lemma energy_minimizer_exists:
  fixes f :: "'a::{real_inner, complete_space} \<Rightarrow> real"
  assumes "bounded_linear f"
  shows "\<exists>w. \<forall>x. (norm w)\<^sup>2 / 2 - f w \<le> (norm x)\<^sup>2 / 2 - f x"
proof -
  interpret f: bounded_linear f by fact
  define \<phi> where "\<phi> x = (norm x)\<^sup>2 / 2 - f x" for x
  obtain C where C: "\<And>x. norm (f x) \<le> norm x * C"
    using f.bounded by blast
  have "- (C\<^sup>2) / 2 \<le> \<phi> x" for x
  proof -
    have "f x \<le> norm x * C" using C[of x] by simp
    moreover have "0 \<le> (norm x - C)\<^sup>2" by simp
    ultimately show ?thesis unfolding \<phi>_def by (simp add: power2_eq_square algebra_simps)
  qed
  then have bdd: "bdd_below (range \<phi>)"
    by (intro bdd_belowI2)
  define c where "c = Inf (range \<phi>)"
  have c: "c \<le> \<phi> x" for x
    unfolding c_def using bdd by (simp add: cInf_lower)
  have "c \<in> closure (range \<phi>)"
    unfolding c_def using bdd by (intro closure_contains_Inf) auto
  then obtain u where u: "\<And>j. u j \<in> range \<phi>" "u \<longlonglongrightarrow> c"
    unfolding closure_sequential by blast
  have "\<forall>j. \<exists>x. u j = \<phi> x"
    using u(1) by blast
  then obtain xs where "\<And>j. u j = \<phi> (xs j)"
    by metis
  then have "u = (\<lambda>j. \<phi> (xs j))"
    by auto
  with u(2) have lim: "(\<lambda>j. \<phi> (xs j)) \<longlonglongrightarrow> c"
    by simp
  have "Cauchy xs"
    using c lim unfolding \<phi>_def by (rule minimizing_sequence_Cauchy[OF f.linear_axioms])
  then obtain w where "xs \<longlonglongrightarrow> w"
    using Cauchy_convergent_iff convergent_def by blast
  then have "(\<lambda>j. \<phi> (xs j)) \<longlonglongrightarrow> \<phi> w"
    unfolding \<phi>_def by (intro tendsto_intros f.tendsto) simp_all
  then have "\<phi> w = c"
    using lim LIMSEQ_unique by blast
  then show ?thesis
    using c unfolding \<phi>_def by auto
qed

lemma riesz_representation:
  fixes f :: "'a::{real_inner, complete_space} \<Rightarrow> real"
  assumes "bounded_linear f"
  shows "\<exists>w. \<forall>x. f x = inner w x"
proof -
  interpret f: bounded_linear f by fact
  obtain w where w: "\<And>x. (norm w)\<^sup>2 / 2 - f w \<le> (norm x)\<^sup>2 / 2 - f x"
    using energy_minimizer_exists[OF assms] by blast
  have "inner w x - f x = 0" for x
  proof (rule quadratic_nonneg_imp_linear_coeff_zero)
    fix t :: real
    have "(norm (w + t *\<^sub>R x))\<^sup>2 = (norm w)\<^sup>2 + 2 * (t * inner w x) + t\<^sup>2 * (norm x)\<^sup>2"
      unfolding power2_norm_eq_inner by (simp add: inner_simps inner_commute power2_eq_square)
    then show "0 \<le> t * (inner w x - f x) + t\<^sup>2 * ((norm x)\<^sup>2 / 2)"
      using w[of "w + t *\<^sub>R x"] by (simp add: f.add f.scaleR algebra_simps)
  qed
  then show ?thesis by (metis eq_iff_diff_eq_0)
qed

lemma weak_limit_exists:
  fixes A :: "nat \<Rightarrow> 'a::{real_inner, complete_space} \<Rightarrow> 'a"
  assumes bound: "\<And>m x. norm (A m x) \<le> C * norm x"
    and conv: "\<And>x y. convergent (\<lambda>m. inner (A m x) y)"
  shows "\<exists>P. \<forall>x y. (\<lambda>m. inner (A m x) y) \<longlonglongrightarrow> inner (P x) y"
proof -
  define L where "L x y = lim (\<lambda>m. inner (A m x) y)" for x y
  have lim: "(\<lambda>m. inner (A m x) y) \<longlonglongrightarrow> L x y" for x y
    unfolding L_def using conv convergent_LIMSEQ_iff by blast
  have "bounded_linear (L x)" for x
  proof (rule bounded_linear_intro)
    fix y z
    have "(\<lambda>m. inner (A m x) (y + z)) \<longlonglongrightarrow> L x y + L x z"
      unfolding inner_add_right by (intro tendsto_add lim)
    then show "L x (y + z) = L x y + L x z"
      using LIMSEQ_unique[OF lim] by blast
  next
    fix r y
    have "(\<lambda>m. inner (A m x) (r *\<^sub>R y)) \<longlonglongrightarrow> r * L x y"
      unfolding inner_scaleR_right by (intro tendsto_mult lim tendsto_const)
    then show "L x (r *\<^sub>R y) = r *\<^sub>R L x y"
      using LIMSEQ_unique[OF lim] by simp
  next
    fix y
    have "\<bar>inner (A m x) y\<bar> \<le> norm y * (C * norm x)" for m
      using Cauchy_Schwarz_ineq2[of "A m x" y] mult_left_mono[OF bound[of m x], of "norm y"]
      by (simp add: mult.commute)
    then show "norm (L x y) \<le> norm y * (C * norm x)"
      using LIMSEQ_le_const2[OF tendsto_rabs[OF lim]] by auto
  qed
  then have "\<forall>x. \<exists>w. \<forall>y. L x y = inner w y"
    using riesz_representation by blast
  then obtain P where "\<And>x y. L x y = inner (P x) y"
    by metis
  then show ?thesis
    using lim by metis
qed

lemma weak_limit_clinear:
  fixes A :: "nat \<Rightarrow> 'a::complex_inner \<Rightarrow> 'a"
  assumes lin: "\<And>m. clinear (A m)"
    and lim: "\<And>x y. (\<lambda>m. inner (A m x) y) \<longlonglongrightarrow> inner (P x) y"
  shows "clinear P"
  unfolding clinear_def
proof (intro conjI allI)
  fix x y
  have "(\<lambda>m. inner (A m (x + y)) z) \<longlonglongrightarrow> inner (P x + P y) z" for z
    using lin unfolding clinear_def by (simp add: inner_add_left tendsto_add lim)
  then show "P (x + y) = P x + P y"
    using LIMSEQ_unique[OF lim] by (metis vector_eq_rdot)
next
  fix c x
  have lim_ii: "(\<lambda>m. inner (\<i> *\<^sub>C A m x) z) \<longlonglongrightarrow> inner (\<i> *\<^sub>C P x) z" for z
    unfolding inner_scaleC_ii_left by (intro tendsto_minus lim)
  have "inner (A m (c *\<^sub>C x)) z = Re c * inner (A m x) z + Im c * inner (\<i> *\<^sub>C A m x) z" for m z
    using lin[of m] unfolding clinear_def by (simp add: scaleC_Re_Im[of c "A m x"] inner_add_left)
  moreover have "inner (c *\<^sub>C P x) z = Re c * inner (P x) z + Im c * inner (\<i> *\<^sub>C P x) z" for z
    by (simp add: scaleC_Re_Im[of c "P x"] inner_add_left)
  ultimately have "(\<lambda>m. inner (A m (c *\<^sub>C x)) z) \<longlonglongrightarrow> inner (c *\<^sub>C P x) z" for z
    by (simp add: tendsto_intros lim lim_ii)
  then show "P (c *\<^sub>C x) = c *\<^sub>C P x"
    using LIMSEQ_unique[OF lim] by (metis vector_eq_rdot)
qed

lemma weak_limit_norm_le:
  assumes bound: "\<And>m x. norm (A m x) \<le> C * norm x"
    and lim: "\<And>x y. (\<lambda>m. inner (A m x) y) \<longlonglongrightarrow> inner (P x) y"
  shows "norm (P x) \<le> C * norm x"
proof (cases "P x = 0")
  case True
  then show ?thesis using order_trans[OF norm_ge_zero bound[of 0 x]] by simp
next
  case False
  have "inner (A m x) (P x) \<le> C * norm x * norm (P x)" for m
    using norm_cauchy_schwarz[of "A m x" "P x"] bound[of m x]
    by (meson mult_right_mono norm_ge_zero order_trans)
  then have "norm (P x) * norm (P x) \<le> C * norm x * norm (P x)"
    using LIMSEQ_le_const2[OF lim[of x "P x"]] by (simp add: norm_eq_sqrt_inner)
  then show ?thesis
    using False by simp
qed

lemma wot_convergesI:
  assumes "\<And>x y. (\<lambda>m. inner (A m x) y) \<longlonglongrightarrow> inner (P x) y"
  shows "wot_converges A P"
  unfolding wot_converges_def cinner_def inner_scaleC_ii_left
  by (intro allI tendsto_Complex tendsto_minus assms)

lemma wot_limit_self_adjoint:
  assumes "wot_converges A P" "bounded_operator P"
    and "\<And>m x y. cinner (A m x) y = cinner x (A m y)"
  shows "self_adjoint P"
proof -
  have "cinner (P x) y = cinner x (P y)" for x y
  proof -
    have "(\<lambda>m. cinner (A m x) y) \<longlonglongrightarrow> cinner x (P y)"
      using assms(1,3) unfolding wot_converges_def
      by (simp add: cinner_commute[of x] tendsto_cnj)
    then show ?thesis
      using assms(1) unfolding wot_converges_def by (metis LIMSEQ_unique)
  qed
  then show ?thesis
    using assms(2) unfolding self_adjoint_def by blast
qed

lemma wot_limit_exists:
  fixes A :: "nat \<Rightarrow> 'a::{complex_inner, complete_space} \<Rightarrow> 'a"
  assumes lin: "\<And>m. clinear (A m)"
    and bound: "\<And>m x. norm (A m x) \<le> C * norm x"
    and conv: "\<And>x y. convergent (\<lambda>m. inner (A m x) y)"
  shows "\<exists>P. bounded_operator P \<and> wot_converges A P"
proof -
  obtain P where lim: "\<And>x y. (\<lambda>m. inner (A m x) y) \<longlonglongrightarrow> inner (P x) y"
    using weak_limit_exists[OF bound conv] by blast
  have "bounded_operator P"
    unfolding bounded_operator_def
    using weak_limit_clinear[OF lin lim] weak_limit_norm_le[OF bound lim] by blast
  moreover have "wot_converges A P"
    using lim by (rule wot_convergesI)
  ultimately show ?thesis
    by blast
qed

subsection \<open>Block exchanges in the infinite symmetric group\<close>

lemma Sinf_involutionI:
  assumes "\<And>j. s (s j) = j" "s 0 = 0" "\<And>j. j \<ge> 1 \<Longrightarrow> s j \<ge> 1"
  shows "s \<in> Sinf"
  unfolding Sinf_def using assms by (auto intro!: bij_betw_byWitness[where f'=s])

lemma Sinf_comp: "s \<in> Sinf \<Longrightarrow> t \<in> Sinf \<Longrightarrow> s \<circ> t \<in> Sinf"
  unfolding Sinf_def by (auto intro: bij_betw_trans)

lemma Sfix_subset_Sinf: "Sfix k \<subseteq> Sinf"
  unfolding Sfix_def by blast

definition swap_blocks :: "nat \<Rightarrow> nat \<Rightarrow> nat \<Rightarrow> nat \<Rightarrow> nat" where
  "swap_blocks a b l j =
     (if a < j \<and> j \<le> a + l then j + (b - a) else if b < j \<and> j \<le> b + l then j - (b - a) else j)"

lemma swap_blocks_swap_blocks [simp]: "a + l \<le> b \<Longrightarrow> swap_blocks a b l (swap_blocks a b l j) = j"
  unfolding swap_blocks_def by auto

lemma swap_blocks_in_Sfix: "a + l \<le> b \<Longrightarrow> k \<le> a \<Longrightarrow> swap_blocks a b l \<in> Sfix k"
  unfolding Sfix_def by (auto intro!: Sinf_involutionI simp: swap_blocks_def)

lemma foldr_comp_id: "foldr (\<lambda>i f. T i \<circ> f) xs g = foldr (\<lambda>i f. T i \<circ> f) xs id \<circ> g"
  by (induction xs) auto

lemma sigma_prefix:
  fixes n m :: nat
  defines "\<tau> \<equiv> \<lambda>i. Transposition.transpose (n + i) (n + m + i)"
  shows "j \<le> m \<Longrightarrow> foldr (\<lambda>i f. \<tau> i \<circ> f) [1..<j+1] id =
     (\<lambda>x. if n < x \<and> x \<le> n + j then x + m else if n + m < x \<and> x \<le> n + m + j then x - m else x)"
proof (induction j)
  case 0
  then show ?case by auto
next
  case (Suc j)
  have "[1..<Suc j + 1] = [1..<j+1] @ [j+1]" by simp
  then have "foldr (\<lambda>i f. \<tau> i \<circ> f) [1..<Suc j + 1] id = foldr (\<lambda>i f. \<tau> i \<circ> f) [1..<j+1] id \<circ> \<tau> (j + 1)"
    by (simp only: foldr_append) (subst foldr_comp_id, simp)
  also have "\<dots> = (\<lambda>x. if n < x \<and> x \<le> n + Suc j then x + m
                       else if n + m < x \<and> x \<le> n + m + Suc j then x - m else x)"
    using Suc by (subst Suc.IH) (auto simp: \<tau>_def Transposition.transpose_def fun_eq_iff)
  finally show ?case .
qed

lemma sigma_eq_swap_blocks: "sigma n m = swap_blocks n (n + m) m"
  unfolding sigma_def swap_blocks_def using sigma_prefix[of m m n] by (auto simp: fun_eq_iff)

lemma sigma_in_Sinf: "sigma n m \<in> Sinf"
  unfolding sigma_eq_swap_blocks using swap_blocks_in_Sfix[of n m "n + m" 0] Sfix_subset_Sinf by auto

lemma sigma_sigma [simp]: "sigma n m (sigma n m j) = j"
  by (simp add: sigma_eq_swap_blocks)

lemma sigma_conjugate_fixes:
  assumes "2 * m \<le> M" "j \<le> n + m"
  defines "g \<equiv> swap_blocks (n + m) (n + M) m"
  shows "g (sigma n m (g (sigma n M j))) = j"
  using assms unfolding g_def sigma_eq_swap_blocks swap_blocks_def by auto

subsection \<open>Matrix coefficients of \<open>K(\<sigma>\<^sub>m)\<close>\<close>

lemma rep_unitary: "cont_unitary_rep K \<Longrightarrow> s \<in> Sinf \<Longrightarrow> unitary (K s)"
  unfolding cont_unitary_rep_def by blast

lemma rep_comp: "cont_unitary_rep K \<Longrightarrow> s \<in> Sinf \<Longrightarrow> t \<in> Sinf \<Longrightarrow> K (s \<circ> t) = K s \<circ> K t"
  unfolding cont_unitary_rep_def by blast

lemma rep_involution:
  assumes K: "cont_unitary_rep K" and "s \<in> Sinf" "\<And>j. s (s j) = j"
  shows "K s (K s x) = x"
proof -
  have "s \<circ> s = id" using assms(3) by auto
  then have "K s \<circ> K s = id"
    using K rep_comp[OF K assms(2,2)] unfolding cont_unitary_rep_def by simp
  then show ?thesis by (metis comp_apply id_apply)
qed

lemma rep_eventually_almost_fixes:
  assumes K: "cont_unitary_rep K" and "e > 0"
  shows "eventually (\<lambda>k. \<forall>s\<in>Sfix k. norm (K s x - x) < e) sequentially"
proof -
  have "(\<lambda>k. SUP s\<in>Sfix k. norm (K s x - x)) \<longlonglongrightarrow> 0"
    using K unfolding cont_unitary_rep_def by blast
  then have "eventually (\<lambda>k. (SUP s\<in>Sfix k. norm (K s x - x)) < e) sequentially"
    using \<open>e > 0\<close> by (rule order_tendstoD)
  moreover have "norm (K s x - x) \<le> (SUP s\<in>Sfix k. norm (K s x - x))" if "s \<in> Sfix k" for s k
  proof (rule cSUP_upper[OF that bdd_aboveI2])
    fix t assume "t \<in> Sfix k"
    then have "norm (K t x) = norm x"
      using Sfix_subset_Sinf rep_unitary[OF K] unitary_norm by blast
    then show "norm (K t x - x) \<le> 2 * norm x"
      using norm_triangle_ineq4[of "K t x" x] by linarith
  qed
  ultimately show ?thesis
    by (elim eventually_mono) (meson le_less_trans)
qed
* * *
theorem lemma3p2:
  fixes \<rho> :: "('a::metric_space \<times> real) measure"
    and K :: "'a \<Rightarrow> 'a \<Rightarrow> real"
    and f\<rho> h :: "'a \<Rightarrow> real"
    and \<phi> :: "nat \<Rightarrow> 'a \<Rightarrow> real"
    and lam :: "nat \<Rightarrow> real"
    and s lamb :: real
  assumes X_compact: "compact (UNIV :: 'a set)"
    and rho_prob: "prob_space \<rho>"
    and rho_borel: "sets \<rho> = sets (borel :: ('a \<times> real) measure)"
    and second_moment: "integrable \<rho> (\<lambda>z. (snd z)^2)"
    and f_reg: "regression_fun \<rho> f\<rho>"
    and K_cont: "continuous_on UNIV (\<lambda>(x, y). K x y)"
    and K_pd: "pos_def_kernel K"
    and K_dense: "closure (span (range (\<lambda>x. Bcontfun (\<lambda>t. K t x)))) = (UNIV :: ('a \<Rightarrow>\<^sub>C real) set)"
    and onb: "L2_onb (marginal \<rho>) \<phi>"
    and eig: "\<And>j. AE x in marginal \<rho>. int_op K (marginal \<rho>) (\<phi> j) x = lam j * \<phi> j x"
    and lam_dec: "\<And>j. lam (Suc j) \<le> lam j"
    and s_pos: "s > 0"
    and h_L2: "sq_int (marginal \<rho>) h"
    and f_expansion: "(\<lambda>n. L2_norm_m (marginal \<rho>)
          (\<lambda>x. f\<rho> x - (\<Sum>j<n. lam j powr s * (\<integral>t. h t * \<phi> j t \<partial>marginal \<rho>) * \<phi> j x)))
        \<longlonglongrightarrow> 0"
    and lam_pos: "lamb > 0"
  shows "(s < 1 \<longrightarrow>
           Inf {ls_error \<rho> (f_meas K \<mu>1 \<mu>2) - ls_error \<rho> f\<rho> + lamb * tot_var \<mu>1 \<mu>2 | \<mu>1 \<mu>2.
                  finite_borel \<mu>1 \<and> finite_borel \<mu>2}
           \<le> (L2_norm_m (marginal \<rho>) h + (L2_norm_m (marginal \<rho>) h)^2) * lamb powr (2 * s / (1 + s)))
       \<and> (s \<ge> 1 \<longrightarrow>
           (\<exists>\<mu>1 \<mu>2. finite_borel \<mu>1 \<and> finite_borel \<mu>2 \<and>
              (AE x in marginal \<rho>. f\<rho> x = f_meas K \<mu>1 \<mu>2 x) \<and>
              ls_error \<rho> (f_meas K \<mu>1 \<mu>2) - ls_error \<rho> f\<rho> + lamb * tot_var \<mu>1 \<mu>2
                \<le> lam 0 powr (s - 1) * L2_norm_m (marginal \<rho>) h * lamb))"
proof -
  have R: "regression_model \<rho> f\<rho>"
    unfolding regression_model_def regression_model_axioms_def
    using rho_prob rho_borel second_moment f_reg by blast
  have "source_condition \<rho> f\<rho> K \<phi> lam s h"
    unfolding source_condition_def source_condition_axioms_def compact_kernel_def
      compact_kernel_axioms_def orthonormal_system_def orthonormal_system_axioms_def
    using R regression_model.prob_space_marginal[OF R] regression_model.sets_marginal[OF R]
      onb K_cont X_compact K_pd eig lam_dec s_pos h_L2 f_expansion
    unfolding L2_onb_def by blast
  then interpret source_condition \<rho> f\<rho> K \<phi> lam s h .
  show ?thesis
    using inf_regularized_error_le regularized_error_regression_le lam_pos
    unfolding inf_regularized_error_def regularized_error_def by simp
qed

### PROBLEM
Where a line in the material above holds "open", copy that line.

### RESPONSE FOR THIS EXERCISE
subsection \<open>Block exchanges in the infinite symmetric group\<close>
subsection \<open>Matrix coefficients of \<open>K(\<sigma>\<^sub>m)\<close>\<close>
    using \<open>e > 0\<close> by (rule order_tendstoD)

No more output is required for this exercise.